У меня и без того сосало под ложечкой, я молчал.

— Знаешь, как это называется?

— А что поделаешь, — возразил я, оправдываясь. — Теперь уж ничего не поделаешь. Да и стоит ли? Егор влюблен в Катю, а она любит Сашка. Зачем им мешать? Может быть, Сашку все рассказать?

— А кто это Томашевич?

— Сашко и есть.

Володька свистнул.

— Неужели ничего не понял?

— Нет, а что?

— И что Сашко об этом рассказывать нельзя, не понял?

— Не понял.

— А письмо верно цитируешь?

— Слово в слово.

— Тогда все ясней ясного, — сказал Володька. — Предатель твой Сашко. Шпик.

Мне показалось, что меня ударили. И так больно и неожиданно, что я задохнулся.

— Почему? — прохрипел я. — Ты с ума сошел!

— «С ума сошел»! — передразнил он. — Соображать надо. Если побег провалился, значит, кто-то выдал. Свой, кто с ними был. Егор так и пишет. Кого благодарить, не дознались, только кличку и узнали: Чубук.

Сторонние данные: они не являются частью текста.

definition spars :: "'a set \<Rightarrow> 'e set \<Rightarrow> ('e \<Rightarrow> 'a) \<Rightarrow> ('e \<Rightarrow> 'a) \<Rightarrow> ('e \<Rightarrow> nat) \<Rightarrow> ('e \<Rightarrow> nat)
    \<Rightarrow> real \<Rightarrow> ('e \<Rightarrow> real) \<Rightarrow> real \<Rightarrow> ('a \<Rightarrow> 'a \<Rightarrow> real) \<Rightarrow> ereal" where
  "spars V E src tgt ell cap H C h' D =
     (let s = sep V E src tgt ell H C h' D in
      if s = 0 then \<infinity> else ereal (cut_size E cap C / s))"

definition expw :: "'a set \<Rightarrow> 'e set \<Rightarrow> ('e \<Rightarrow> 'a) \<Rightarrow> ('e \<Rightarrow> 'a) \<Rightarrow> ('e \<Rightarrow> nat)
    \<Rightarrow> real \<Rightarrow> real \<Rightarrow> 'a \<Rightarrow> 'a \<Rightarrow> real" where
  "expw V E src tgt ell h \<alpha> x y =
     (let d = gdistbar E src tgt (\<lambda>e. real (ell e)) x y in
      if x = y then 1
      else if d \<le> ereal (2 * h * log 2 (real (card V)) / \<alpha>)
        then 2 powr (- \<alpha> * real_of_ereal d / h)
      else 0)"

definition expw_node :: "'a set \<Rightarrow> 'e set \<Rightarrow> ('e \<Rightarrow> 'a) \<Rightarrow> ('e \<Rightarrow> 'a) \<Rightarrow> ('e \<Rightarrow> nat)
    \<Rightarrow> real \<Rightarrow> real \<Rightarrow> 'a \<Rightarrow> real" where
  "expw_node V E src tgt ell h \<alpha> x = (\<Sum>b\<in>V. expw V E src tgt ell h \<alpha> x b)"

definition expM :: "'a set \<Rightarrow> 'e set \<Rightarrow> ('e \<Rightarrow> 'a) \<Rightarrow> ('e \<Rightarrow> 'a) \<Rightarrow> ('e \<Rightarrow> nat)
    \<Rightarrow> real \<Rightarrow> real \<Rightarrow> 'a \<Rightarrow> 'a \<Rightarrow> real" where
  "expM V E src tgt ell h \<alpha> x y = expw V E src tgt ell h \<alpha> x y / expw_node V E src tgt ell h \<alpha> x"

definition exp_demand :: "'a set \<Rightarrow> 'e set \<Rightarrow> ('e \<Rightarrow> 'a) \<Rightarrow> ('e \<Rightarrow> 'a) \<Rightarrow> ('e \<Rightarrow> nat)
    \<Rightarrow> real \<Rightarrow> real \<Rightarrow> ('a \<Rightarrow> real) \<Rightarrow> 'a \<Rightarrow> 'a \<Rightarrow> real" where
  "exp_demand V E src tgt ell h \<alpha> A x y =
     A x * expM V E src tgt ell h \<alpha> x y + A y * expM V E src tgt ell h \<alpha> y x"

end

theory Submission imports Defs begin

text \<open>If D u v > 0, then u and v are within round-trip distance 2h, and the exponential
  weights of nearby nodes are comparable: w v b \<le> K w u b + K/n^2 with K = 2^(2\<alpha>).
  Hence the distributions M u and M v share mass at least 2^-(6\<alpha>+1).  If the cut moves
  u more than hs away from v, the triangle inequality puts every b more than hs/2 away from
  u or from v, so this shared mass is separated in the exponential demand.  Charging D u v
  to it and using that D is A-respecting gives
  sep_hs(C, D) \<le> 2^(6\<alpha>+1) sep_(hs/2)(C, D^\<alpha>_h,A), which is stronger than needed.\<close>

lemma walk_append:
  "walk E src tgt x (p @ q) z \<longleftrightarrow> (\<exists>y. walk E src tgt x p y \<and> walk E src tgt y q z)"
  by (induction p arbitrary: x) auto

lemma walk_edges_subset: "walk E src tgt x p y \<Longrightarrow> set p \<subseteq> E"
  by (induction p arbitrary: x) auto

lemma gdist_le_walk:
  "walk E src tgt x p y \<Longrightarrow> gdist E src tgt len x y \<le> ereal (sum_list (map len p))"
  unfolding gdist_def by (rule INF_lower) auto

lemma gdist_nonneg:
  assumes "\<forall>e\<in>E. 0 \<le> len e"
  shows "0 \<le> gdist E src tgt len x y"
  unfolding gdist_def
proof (rule INF_greatest)
  fix p assume "p \<in> {p. walk E src tgt x p y}"
  then have "set p \<subseteq> E" by (simp add: walk_edges_subset)
  then have "0 \<le> sum_list (map len p)"
    using assms by (intro sum_list_nonneg) auto
  then show "0 \<le> ereal (sum_list (map len p))" by simp
qed

lemma gdist_refl:
  assumes "\<forall>e\<in>E. 0 \<le> len e"
  shows "gdist E src tgt len x x = 0"
  using gdist_le_walk[of E src tgt x "[]" x len] gdist_nonneg[OF assms, of src tgt x x]
  by (simp add: zero_ereal_def)

lemma gdist_triangle:
  assumes "\<forall>e\<in>E. 0 \<le> len e"
  shows "gdist E src tgt len x z \<le> gdist E src tgt len x y + gdist E src tgt len y z"
proof (cases "gdist E src tgt len x y = \<infinity> \<or> gdist E src tgt len y z = \<infinity>")
  case True
  then show ?thesis using gdist_nonneg[OF assms] by auto
next
  case False
  let ?d = "gdist E src tgt len"
  have "0 \<le> ?d x y" "0 \<le> ?d y z" by (rule gdist_nonneg[OF assms])+
  with False obtain a b where ab: "?d x y = ereal a" "?d y z = ereal b"
    by (cases "?d x y"; cases "?d y z") auto
  show ?thesis
  proof (rule ereal_le_epsilon2)
    fix \<epsilon> :: real assume "0 < \<epsilon>"
    then have "?d x y < ereal (a + \<epsilon>/2)" "?d y z < ereal (b + \<epsilon>/2)" using ab by simp_all
    then obtain p q where p: "walk E src tgt x p y" "sum_list (map len p) < a + \<epsilon>/2"
      and q: "walk E src tgt y q z" "sum_list (map len q) < b + \<epsilon>/2"
      unfolding gdist_def by (auto simp: INF_less_iff)
    then have "?d x z \<le> ereal (sum_list (map len (p @ q)))"
      by (intro gdist_le_walk) (auto simp: walk_append)
    also have "\<dots> \<le> ereal (a + b + \<epsilon>)" using p(2) q(2) by simp
    finally show "?d x z \<le> ?d x y + ?d y z + ereal \<epsilon>" using ab by simp
  qed
qed

lemma gdist_gt_add_split:
  assumes "\<forall>e\<in>E. 0 \<le> len e" and "ereal (a + b) < gdist E src tgt len x z"
  shows "ereal a < gdist E src tgt len x y \<or> ereal b < gdist E src tgt len y z"
proof (rule ccontr)
  assume "\<not> ?thesis"
  then have "gdist E src tgt len x y + gdist E src tgt len y z \<le> ereal a + ereal b"
    by (intro add_mono) auto
  then show False using assms gdist_triangle[OF assms(1), of src tgt x z y] by simp
qed

lemma gdistbar_nonneg:
  assumes "\<forall>e\<in>E. 0 \<le> len e"
  shows "0 \<le> gdistbar E src tgt len x y"
  unfolding gdistbar_def by (intro add_nonneg_nonneg gdist_nonneg[OF assms])

lemma gdistbar_refl:
  assumes "\<forall>e\<in>E. 0 \<le> len e"
  shows "gdistbar E src tgt len x x = 0"
  unfolding gdistbar_def gdist_refl[OF assms] by simp

lemma gdistbar_commute: "gdistbar E src tgt len x y = gdistbar E src tgt len y x"
  unfolding gdistbar_def by (simp add: add.commute)

lemma gdistbar_triangle:
  assumes "\<forall>e\<in>E. 0 \<le> len e"
  shows "gdistbar E src tgt len x z \<le> gdistbar E src tgt len x y + gdistbar E src tgt len y z"
proof -
  let ?d = "gdist E src tgt len"
  have "?d x z + ?d z x \<le> (?d x y + ?d y z) + (?d z y + ?d y x)"
    by (intro add_mono gdist_triangle[OF assms])
  also have "\<dots> = (?d x y + ?d y x) + (?d y z + ?d z y)" by (simp add: ac_simps)
  finally show ?thesis unfolding gdistbar_def .
qed

lemma sep_as_double_sum:
  assumes "finite V"
  shows "sep V E src tgt ell H C h' D =
    (\<Sum>x\<in>V. \<Sum>y\<in>V. of_bool (ereal h' < gdist E src tgt (cut_len ell H C) x y) * D x y)"
proof -
  let ?far = "\<lambda>x y. ereal h' < gdist E src tgt (cut_len ell H C) x y"
  have "{(x, y) \<in> V \<times> V. ?far x y} = {p \<in> V \<times> V. ?far (fst p) (snd p)}" by auto
  then have "sep V E src tgt ell H C h' D = (\<Sum>p\<in>V \<times> V. if ?far (fst p) (snd p) then D (fst p) (snd p) else 0)"
    unfolding sep_def using assms by (simp add: sum.inter_filter)
  also have "\<dots> = (\<Sum>x\<in>V. \<Sum>y\<in>V. if ?far x y then D x y else 0)"
    by (simp add: sum.cartesian_product split_beta)
  also have "\<dots> = (\<Sum>x\<in>V. \<Sum>y\<in>V. of_bool (?far x y) * D x y)"
    by (intro sum.cong refl) simp
  finally show ?thesis .
qed

lemma sep_nonneg:
  assumes "\<forall>x\<in>V. \<forall>y\<in>V. 0 \<le> D x y"
  shows "0 \<le> sep V E src tgt ell H C h' D"
  unfolding sep_def using assms by (intro sum_nonneg) auto

lemma spars_le_if_sep_le:
  assumes sep_le: "sep V E src tgt ell H C h\<^sub>1 D\<^sub>1 \<le> c * sep V E src tgt ell H C h\<^sub>2 D\<^sub>2"
    and "0 < c" and "0 \<le> sep V E src tgt ell H C h\<^sub>1 D\<^sub>1" and "0 \<le> cut_size E cap C"
    and spars_le: "spars V E src tgt ell cap H C h\<^sub>1 D\<^sub>1 \<le> ereal \<phi>"
  shows "spars V E src tgt ell cap H C h\<^sub>2 D\<^sub>2 \<le> ereal (c * \<phi>)"
proof -
  define S\<^sub>1 where "S\<^sub>1 = sep V E src tgt ell H C h\<^sub>1 D\<^sub>1"
  define S\<^sub>2 where "S\<^sub>2 = sep V E src tgt ell H C h\<^sub>2 D\<^sub>2"
  have "S\<^sub>1 \<noteq> 0" and \<phi>: "cut_size E cap C / S\<^sub>1 \<le> \<phi>"
    using spars_le unfolding spars_def S\<^sub>1_def[symmetric] by (auto simp: Let_def split: if_splits)
  then have "0 < S\<^sub>1" using assms(3) by (simp add: S\<^sub>1_def)
  then have "0 < S\<^sub>2" using sep_le \<open>0 < c\<close> unfolding S\<^sub>1_def[symmetric] S\<^sub>2_def[symmetric]
    by (metis less_le_trans zero_less_mult_pos)
  have "cut_size E cap C / S\<^sub>2 \<le> c * (cut_size E cap C / S\<^sub>1)"
    using mult_right_mono[OF sep_le assms(4)] \<open>0 < S\<^sub>1\<close> \<open>0 < S\<^sub>2\<close>
    unfolding S\<^sub>1_def[symmetric] S\<^sub>2_def[symmetric] by (simp add: field_simps ac_simps)
  also have "\<dots> \<le> c * \<phi>" using \<phi> \<open>0 < c\<close> by (intro mult_left_mono) auto
  finally show ?thesis
    using \<open>0 < S\<^sub>2\<close> unfolding spars_def S\<^sub>2_def[symmetric] by (simp add: Let_def)
qed

lemma symmetric_h_length_demand_gdistbar_le:
  assumes "h_length_demand E src tgt ell h D" and "symmetric_demand D" and "0 < D u v"
  shows "gdistbar E src tgt (\<lambda>e. real (ell e)) u v \<le> ereal (2 * h)"
proof -
  have "0 < D v u" using assms(2,3) by (simp add: symmetric_demand_def)
  then have "gdist E src tgt (\<lambda>e. real (ell e)) u v \<le> ereal h"
    "gdist E src tgt (\<lambda>e. real (ell e)) v u \<le> ereal h"
    using assms(1,3) unfolding h_length_demand_def by auto
  then show ?thesis unfolding gdistbar_def using add_mono by fastforce
qed

lemma sum_routed_demand_le:
  fixes D M I :: "'a \<Rightarrow> 'a \<Rightarrow> real"
  assumes "A_respecting V A D" and "\<forall>x y. 0 \<le> M x y" and "\<forall>x y. 0 \<le> I x y"
  shows "(\<Sum>u\<in>V. \<Sum>v\<in>V. D u v * (\<Sum>b\<in>V. M u b * I u b + M v b * I b v))
    \<le> (\<Sum>x\<in>V. \<Sum>y\<in>V. I x y * (A x * M x y + A y * M y x))"
proof -
  have out: "(\<Sum>v\<in>V. D u v) \<le> A u" and "in": "(\<Sum>v\<in>V. D v u) \<le> A u" if "u \<in> V" for u
    using assms(1) that unfolding A_respecting_def by auto
  have via_source: "(\<Sum>u\<in>V. \<Sum>v\<in>V. \<Sum>b\<in>V. D u v * (M u b * I u b))
      = (\<Sum>u\<in>V. \<Sum>b\<in>V. (\<Sum>v\<in>V. D u v) * (M u b * I u b))"
    unfolding sum_distrib_right by (rule sum.cong[OF refl], rule sum.swap)
  have via_target: "(\<Sum>u\<in>V. \<Sum>v\<in>V. \<Sum>b\<in>V. D u v * (M v b * I b v))
      = (\<Sum>v\<in>V. \<Sum>b\<in>V. (\<Sum>u\<in>V. D u v) * (M v b * I b v))"
  proof -
    have "(\<Sum>u\<in>V. \<Sum>v\<in>V. \<Sum>b\<in>V. D u v * (M v b * I b v))
        = (\<Sum>v\<in>V. \<Sum>u\<in>V. \<Sum>b\<in>V. D u v * (M v b * I b v))"
      by (rule sum.swap)
    also have "\<dots> = (\<Sum>v\<in>V. \<Sum>b\<in>V. (\<Sum>u\<in>V. D u v) * (M v b * I b v))"
      unfolding sum_distrib_right by (rule sum.cong[OF refl], rule sum.swap)
    finally show ?thesis .
  qed
  have "(\<Sum>u\<in>V. \<Sum>v\<in>V. D u v * (\<Sum>b\<in>V. M u b * I u b + M v b * I b v))
      = (\<Sum>u\<in>V. \<Sum>b\<in>V. (\<Sum>v\<in>V. D u v) * (M u b * I u b))
        + (\<Sum>v\<in>V. \<Sum>b\<in>V. (\<Sum>u\<in>V. D u v) * (M v b * I b v))"
    unfolding via_source[symmetric] via_target[symmetric]
    by (simp only: sum_distrib_left distrib_left sum.distrib)
  also have "\<dots> \<le> (\<Sum>x\<in>V. \<Sum>y\<in>V. A x * (M x y * I x y)) + (\<Sum>y\<in>V. \<Sum>x\<in>V. A y * (M y x * I x y))"
    using out "in" assms(2,3) by (intro add_mono sum_mono mult_right_mono mult_nonneg_nonneg) auto
  also have "(\<Sum>y\<in>V. \<Sum>x\<in>V. A y * (M y x * I x y)) = (\<Sum>x\<in>V. \<Sum>y\<in>V. A y * (M y x * I x y))"
    by (rule sum.swap)
  also have "(\<Sum>x\<in>V. \<Sum>y\<in>V. A x * (M x y * I x y)) + (\<Sum>x\<in>V. \<Sum>y\<in>V. A y * (M y x * I x y))
      = (\<Sum>x\<in>V. \<Sum>y\<in>V. I x y * (A x * M x y + A y * M y x))"
    by (simp add: sum.distrib[symmetric] algebra_simps)
  finally show ?thesis .
qed
definition ae_eq :: "'a measure \<Rightarrow> ('a \<Rightarrow> complex) \<Rightarrow> ('a \<Rightarrow> complex) \<Rightarrow> bool" where
  "ae_eq M f g = (AE x in M. f x = g x)"

definition L2_inner :: "'a measure \<Rightarrow> ('a \<Rightarrow> complex) \<Rightarrow> ('a \<Rightarrow> complex) \<Rightarrow> complex" where
  "L2_inner M f g = integral\<^sup>L M (\<lambda>x. f x * cnj (g x))"

definition L2_norm :: "'a measure \<Rightarrow> ('a \<Rightarrow> complex) \<Rightarrow> real" where
  "L2_norm M f = sqrt (integral\<^sup>L M (\<lambda>x. (cmod (f x))^2))"

definition bounded_op :: "'a measure \<Rightarrow> ('a \<Rightarrow> complex) set \<Rightarrow>
    (('a \<Rightarrow> complex) \<Rightarrow> ('a \<Rightarrow> complex)) \<Rightarrow> bool" where
  "bounded_op M H A \<longleftrightarrow>
     (\<forall>f\<in>H. A f \<in> H) \<and>
     (\<forall>f\<in>H. \<forall>g\<in>H. ae_eq M f g \<longrightarrow> ae_eq M (A f) (A g)) \<and>
     (\<forall>f\<in>H. \<forall>g\<in>H. ae_eq M (A (\<lambda>x. f x + g x)) (\<lambda>x. A f x + A g x)) \<and>
     (\<forall>c. \<forall>f\<in>H. ae_eq M (A (\<lambda>x. c * f x)) (\<lambda>x. c * A f x)) \<and>
     (\<exists>C. \<forall>f\<in>H. L2_norm M (A f) \<le> C * L2_norm M f)"

definition normal_op :: "'a measure \<Rightarrow> ('a \<Rightarrow> complex) set \<Rightarrow>
    (('a \<Rightarrow> complex) \<Rightarrow> ('a \<Rightarrow> complex)) \<Rightarrow> bool" where
  "normal_op M H A \<longleftrightarrow> bounded_op M H A \<and>
     (\<exists>B. bounded_op M H B \<and>
          (\<forall>f\<in>H. \<forall>g\<in>H. L2_inner M (A f) g = L2_inner M f (B g)) \<and>
          (\<forall>f\<in>H. ae_eq M (A (B f)) (B (A f))))"
(* Let $n\ge 1$ and $r\ge 1$ be integers, and consider a two-sided matching problem with a set $\mathcal{M}$ of $n$ men and a set $\mathcal{W}$ of $n+r$ women, in which each man's preference list is an independent uniformly random ordering of $\mathcal{W}$ and each woman's preference list is an independent uniformly random ordering of $\mathcal{M}$. For $x\in\mathcal{M}\cup\mathcal{W}$, let $N(x)$ be the number of stable partners of $x$. Then for every $x\in\mathcal{M}\cup\mathcal{W}$, $$\mathbb{P}\bigl(N(x)>1\bigr)\le\frac{1}{r+1}\quad\text{and}\quad\mathbb{E}\bigl(N(x)\bigr)\le 1+\frac{1}{r}.$$
   Context: Stable matchings are in the sense of Gale and Shapley (a matching pairs each man with at most one woman and vice versa; it is stable if no man and woman not matched together both strictly prefer each other to their assigned partners, being unmatched ranked below every partner). $y$ is a stable partner of $x$ if $x$ and $y$ are matched in some stable matching. *)

theory Defs
  imports Complex_Main "HOL-Combinatorics.Multiset_Permutations"
begin

text \<open>Men are 0..<n, women are 0..<n+r. A preference list is a list (strict ranking,
  most preferred first) that is a permutation of the other side.\<close>

definition prefers :: "nat list \<Rightarrow> nat \<Rightarrow> nat \<Rightarrow> bool" where
  "prefers xs a b \<longleftrightarrow> (\<exists>i j. i < j \<and> j < length xs \<and> xs ! i = a \<and> xs ! j = b)"

definition matching :: "nat \<Rightarrow> nat \<Rightarrow> (nat \<times> nat) set \<Rightarrow> bool" where
  "matching n r \<mu> \<longleftrightarrow> \<mu> \<subseteq> {..<n} \<times> {..<n+r}
     \<and> (\<forall>m w w'. (m, w) \<in> \<mu> \<longrightarrow> (m, w') \<in> \<mu> \<longrightarrow> w = w')
     \<and> (\<forall>m m' w. (m, w) \<in> \<mu> \<longrightarrow> (m', w) \<in> \<mu> \<longrightarrow> m = m')"

text \<open>Stability: no man m and woman w, not matched together, who both strictly prefer each
  other to their assigned partners (being unmatched is ranked below every partner).\<close>
definition stable :: "nat \<Rightarrow> nat \<Rightarrow> (nat \<Rightarrow> nat list) \<Rightarrow> (nat \<Rightarrow> nat list)
     \<Rightarrow> (nat \<times> nat) set \<Rightarrow> bool" where
  "stable n r PM PW \<mu> \<longleftrightarrow> matching n r \<mu> \<and>
     \<not> (\<exists>m<n. \<exists>w<n+r. (m, w) \<notin> \<mu>
          \<and> (\<forall>w'. (m, w') \<in> \<mu> \<longrightarrow> prefers (PM m) w w')
          \<and> (\<forall>m'. (m', w) \<in> \<mu> \<longrightarrow> prefers (PW w) m m'))"

definition stable_partners_man :: "nat \<Rightarrow> nat \<Rightarrow> (nat \<Rightarrow> nat list) \<Rightarrow> (nat \<Rightarrow> nat list)
     \<Rightarrow> nat \<Rightarrow> nat set" where
  "stable_partners_man n r PM PW m = {w. \<exists>\<mu>. stable n r PM PW \<mu> \<and> (m, w) \<in> \<mu>}"

definition stable_partners_woman :: "nat \<Rightarrow> nat \<Rightarrow> (nat \<Rightarrow> nat list) \<Rightarrow> (nat \<Rightarrow> nat list)
     \<Rightarrow> nat \<Rightarrow> nat set" where
  "stable_partners_woman n r PM PW w = {m. \<exists>\<mu>. stable n r PM PW \<mu> \<and> (m, w) \<in> \<mu>}"

text \<open>The (finite) sample space of preference profiles; uniform measure = independent
  uniform random orderings for every person.\<close>
definition profiles :: "nat \<Rightarrow> nat \<Rightarrow> ((nat \<Rightarrow> nat list) \<times> (nat \<Rightarrow> nat list)) set" where
  "profiles n r = (PiE {..<n} (\<lambda>_. permutations_of_set {..<n+r}))
                 \<times> (PiE {..<n+r} (\<lambda>_. permutations_of_set {..<n}))"

end

theory Submission
  imports Defs
begin

text \<open>Run the man-proposing deferred acceptance algorithm and then repeatedly break up the
  couple containing \<open>x\<close>: its man moves on down his list and the algorithm is resumed. A stable
  matching that avoids the couples broken so far never lets the algorithm pass it, so if \<open>x\<close>
  has more than \<open>k\<close> stable partners, none of the first \<open>k\<close> resumptions reaches one of the \<open>r\<close>
  women left unmatched by the man-optimal matching. Given that, resumption \<open>k\<close> can avoid them
  only if its first proposal to the abandoned woman or to an unmatched woman goes to the abandoned
  woman. Exchanging that entry of the proposer's list with any of the \<open>r\<close> unmatched women leaves
  the run unchanged up to this proposal, which then fails; these exchanges are injective, so at most
  a fraction \<open>(r + 1)\<^sup>-\<^sup>k\<close> of all profiles give \<open>x\<close> more than \<open>k\<close> stable partners.
  Summing this geometric tail gives both bounds.\<close>

definition rank :: "'a list \<Rightarrow> 'a \<Rightarrow> nat" where
  "rank xs a = (LEAST i. i < length xs \<and> xs ! i = a)"

lemma rank_less_length_and_nth:
  assumes "a \<in> set xs"
  shows "rank xs a < length xs \<and> xs ! rank xs a = a"
  unfolding rank_def
  by (rule LeastI_ex) (use assms in \<open>auto simp: in_set_conv_nth\<close>)
lemma abs_component_le_l1norm: "\<bar>x $ i\<bar> \<le> l1norm x"
  unfolding l1norm_def by (rule member_le_sum) auto

fun path_cost :: "real \<Rightarrow> (real^'d \<Rightarrow> real) \<Rightarrow> (real^'d) list \<Rightarrow> real" where
  "path_cost q f (x # y # ys) = q * l1norm (x - y) / f y + path_cost q f (y # ys)"
| "path_cost q f _ = 0"

lemma path_cost_eq_sum:
  "path_cost q f ys = (\<Sum>j\<in>{1..<length ys}. q * l1norm (ys ! (j - 1) - ys ! j) / f (ys ! j))"
proof (induction q f ys rule: path_cost.induct)
  case (1 q f x y ys)
  let ?step = "\<lambda>zs j. q * l1norm (zs ! (j - 1) - zs ! j) / f (zs ! j)"
  have "{1..<length (x # y # ys)} = insert 1 {2..<length (x # y # ys)}" by auto
  then have "sum (?step (x # y # ys)) {1..<length (x # y # ys)}
      = q * l1norm (x - y) / f y + sum (?step (x # y # ys)) {2..<length (x # y # ys)}"
    by simp
  also have "sum (?step (x # y # ys)) {2..<length (x # y # ys)} = sum (?step (y # ys)) {1..<length (y # ys)}"
    unfolding numeral_2_eq_2 length_Cons One_nat_def sum.shift_bounds_Suc_ivl by simp
  finally show ?case using 1 by simp
qed auto

lemma path_cost_nonneg: "q \<ge> 0 \<Longrightarrow> \<forall>y\<in>set ys. f y > 0 \<Longrightarrow> path_cost q f ys \<ge> 0"
  by (induction q f ys rule: path_cost.induct) (auto intro!: add_nonneg_nonneg divide_nonneg_pos mult_nonneg_nonneg l1norm_nonneg)

definition inf_path_cost :: "real \<Rightarrow> (real^'d \<Rightarrow> real) \<Rightarrow> (real^'d) set \<Rightarrow> real^'d \<Rightarrow> real" where
  "inf_path_cost q f L z =
     Inf {path_cost q f ys | ys. ys \<noteq> [] \<and> hd ys = z \<and> last ys = 0 \<and> set ys \<subseteq> L}"

lemma inf_path_cost_le:
  assumes "q \<ge> 0" "\<forall>y\<in>L. f y > 0" "ys \<noteq> []" "hd ys = z" "last ys = 0" "set ys \<subseteq> L"
  shows "inf_path_cost q f L z \<le> path_cost q f ys"
  unfolding inf_path_cost_def
proof (rule cInf_lower)
  show "bdd_below {path_cost q f ys | ys. ys \<noteq> [] \<and> hd ys = z \<and> last ys = 0 \<and> set ys \<subseteq> L}"
    using assms(1,2) by (auto intro!: bdd_belowI[of _ 0] path_cost_nonneg)
qed (use assms in blast)

lemma inf_path_cost_approx:
  assumes "z \<in> L" "0 \<in> L" "e > 0"
  obtains ys where "ys \<noteq> []" "hd ys = z" "last ys = 0" "set ys \<subseteq> L"
    "path_cost q f ys < inf_path_cost q f L z + e"
proof -
  let ?S = "{path_cost q f ys | ys. ys \<noteq> [] \<and> hd ys = z \<and> last ys = 0 \<and> set ys \<subseteq> L}"
  have "path_cost q f [z, 0] \<in> ?S" using assms(1,2) by force
  then have "\<exists>c\<in>?S. c < Inf ?S + e" using assms(3) by (intro cInf_lessD) auto
  then show ?thesis using that unfolding inf_path_cost_def by blast
qed

lemma path_cost_ge_l1norm:
  assumes "q > 0" "K > 0"
  shows "ys \<noteq> [] \<Longrightarrow> last ys = 0 \<Longrightarrow> \<forall>y\<in>set (tl ys). 0 < f y \<and> f y \<le> K
    \<Longrightarrow> q / K * l1norm (hd ys) \<le> path_cost q f ys"
proof (induction ys rule: induct_list012)
  case (3 x y ys)
  then have IH: "q / K * l1norm y \<le> path_cost q f (y # ys)" and fy: "0 < f y" "f y \<le> K"
    by auto
  have "q / K * l1norm x \<le> q / K * (l1norm (x - y) + l1norm y)"
    using l1norm_triangle_diff[where z = 0] assms by (intro mult_left_mono) auto
  also have "\<dots> = q * l1norm (x - y) / K + q / K * l1norm y"
    by (simp add: distrib_left)
  also have "q * l1norm (x - y) / K \<le> q * l1norm (x - y) / f y"
    using fy assms by (intro divide_left_mono mult_nonneg_nonneg l1norm_nonneg) auto
  finally show ?case using IH by simp
qed auto

text \<open>The stretch from the last point outside the ball back to the origin runs inside the ball,
  where every unit of \<open>\<ell>\<^sub>1\<close>-length costs at least \<open>q / K\<close>.\<close>

lemma path_cost_leave_ball:
  assumes "q > 0" "K > 0"
  shows "ys \<noteq> [] \<Longrightarrow> last ys = 0 \<Longrightarrow> \<forall>y\<in>set ys. 0 < f y
    \<Longrightarrow> \<forall>y\<in>set ys. l1norm y < R \<longrightarrow> f y \<le> K
    \<Longrightarrow> (\<forall>y\<in>set ys. l1norm y < R) \<or> q * R / K \<le> path_cost q f ys"
proof (induction ys rule: induct_list012)
  case (3 x y ys)
  have step_nonneg: "q * l1norm (x - y) / f y \<ge> 0"
    using 3 assms by (auto intro!: divide_nonneg_pos mult_nonneg_nonneg l1norm_nonneg)
  show ?case
  proof (cases "\<forall>v\<in>set (y # ys). l1norm v < R")
    case inside: True
    show ?thesis
    proof (cases "l1norm x < R")
      case False
      have "q / K * l1norm x \<le> path_cost q f (x # y # ys)"
        using path_cost_ge_l1norm[OF assms, of "x # y # ys" f] 3(3-6) inside by auto
      moreover have "q / K * R \<le> q / K * l1norm x" using False assms by (intro mult_left_mono) auto
      ultimately show ?thesis by simp
    qed (use inside in auto)
  qed (use 3 step_nonneg in auto)
qed (use assms in \<open>auto simp: divide_le_0_iff mult_le_0_iff\<close>)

— Почему кличку? — сопротивлялся я. — Кто дал кличку?

— Кто дал? Охранка, конечно. У них все под кличками. А у этого даже две.

— Выспянский — вторая, — подсказал я.

— Он и в Москве кого-то выдал?

— Лабзина.

— А почему его дело из охранки пропало? Соображаешь? Кому-то оно мешало. Егор об этом и пишет. Он знает кому.

— Сашко! — прошептал я, холодея. — Что же делать?

Мне еще не был ясен ответ. Я не понимал этой логики, этого метода мышления, выводов, продиктованных азбукой революционной борьбы. Я не знал даже ее азов.

— Что же делать? — повторил я.

— Отвезти письмо — ясней ясного.

— Так нет же письма.

— Ты его знаешь. Слово в слово — сам сказал.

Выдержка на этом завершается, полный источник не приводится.